Feature, 10 December 1999

“The day we failed to get the wheel up we went out and got blind drunk”

The men responsible for getting the London Eye, the Millennium Dome and the JLE open for New Year’s Eve talk about strikes, stress and their local watering holes.

Bernard Ainsworth The Millennium Dome

Regulars at the Pilot Inn, north Greenwich, have grown accustomed to bumping into Millennium Dome project director Bernard Ainsworth. It is here he finds refuge from the travails of running Britain’s most controversial, high-profile construction job.

As project director for joint-venture contractor McAlpine Laing, Ainsworth is responsible for delivering the £800m dome in time for its all-important New Year’s Eve opening extravaganza. Like most top-flight managers, he has his own formula for combating the stresses involved in meeting deadlines. He believes the best way to cope is to sit down and chat about problems over a drink.

“The Pilot is a well-used pub on the peninsula and, in a way, it’s the secret of the dome’s success,” he says.

Ainsworth believes the local has been central to fostering team spirit on the project – and preserving his sanity. He says it is a place where everyone involved in the dome, from client representative David Trench to ground workers, can enjoy a pint and socialise together.

“I often chat there in the evenings to subbies and workers and I find it helps relieve pressure on the project.
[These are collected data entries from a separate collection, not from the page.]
lemma ternary_partition_count_1_mod_3:
  assumes "M \<in> ternary_partitions n"
  shows "count M 1 mod 3 = n mod 3"
proof -
  have "3 dvd x" if "x \<in># filter_mset (\<lambda>x. x \<noteq> 1) M" for x
    using that assms by (auto simp: ternary_partitions_def gr0_conv_Suc)
  then have "3 dvd sum_mset (filter_mset (\<lambda>x. x \<noteq> 1) M)"
    by (rule dvd_sum_mset)
  moreover have "n = sum_mset (filter_mset (\<lambda>x. x = 1) M + filter_mset (\<lambda>x. x \<noteq> 1) M)"
    using assms by (simp add: ternary_partitions_def flip: multiset_partition)
  then have "n = count M 1 + sum_mset (filter_mset (\<lambda>x. x \<noteq> 1) M)"
    by (simp only: sum_mset.union filter_eq_replicate_mset) simp
  ultimately show ?thesis by (auto elim!: dvdE)
qed

lemma replicate_ones_in_ternary_partitions: "replicate_mset n 1 \<in> ternary_partitions n"
  unfolding ternary_partitions_def by (auto intro: exI[of _ "0::nat"])

lemma ternary_partitions_union:
  "M \<in> ternary_partitions m \<Longrightarrow> N \<in> ternary_partitions n \<Longrightarrow> M + N \<in> ternary_partitions (m + n)"
  by (auto simp: ternary_partitions_def)

lemma bij_betw_add_ones:
  "bij_betw (\<lambda>M. M + replicate_mset r 1) (ternary_partitions m)
     {N \<in> ternary_partitions (m + r). r \<le> count N 1}"
proof (rule bij_betw_byWitness[where f' = "\<lambda>N. N - replicate_mset r 1"])
  show "(\<lambda>M. M + replicate_mset r 1) ` ternary_partitions m
          \<subseteq> {N \<in> ternary_partitions (m + r). r \<le> count N 1}"
    using ternary_partitions_union replicate_ones_in_ternary_partitions by auto
  show "(\<lambda>N. N - replicate_mset r 1) ` {N \<in> ternary_partitions (m + r). r \<le> count N 1}
          \<subseteq> ternary_partitions m"
  proof clarify
    fix N assume N: "N \<in> ternary_partitions (m + r)" "r \<le> count N 1"
    then have "N = (N - replicate_mset r 1) + replicate_mset r 1"
      by (simp add: count_le_replicate_mset_subset_eq)
    then have "sum_mset N = sum_mset (N - replicate_mset r 1) + r"
      by (metis sum_mset.union sum_mset_replicate_mset mult_1_right of_nat_id)
    with N show "N - replicate_mset r 1 \<in> ternary_partitions m"
      by (auto simp: ternary_partitions_def dest: in_diffD)
  qed
qed (auto simp: count_le_replicate_mset_subset_eq)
Nearly everyone is on first-name terms with each other and the landlord.”

Despite being at the centre of the most talked-about construction project in the country, Ainsworth insists he has not felt any more pressure than he usually does when running a large construction project. “In some ways, there’s been less pressure,” he says.

“There’s been a willingness on the part of the contractors to share problems, and I think that’s partly because of the number of social activities we’ve organised at places like The Pilot.”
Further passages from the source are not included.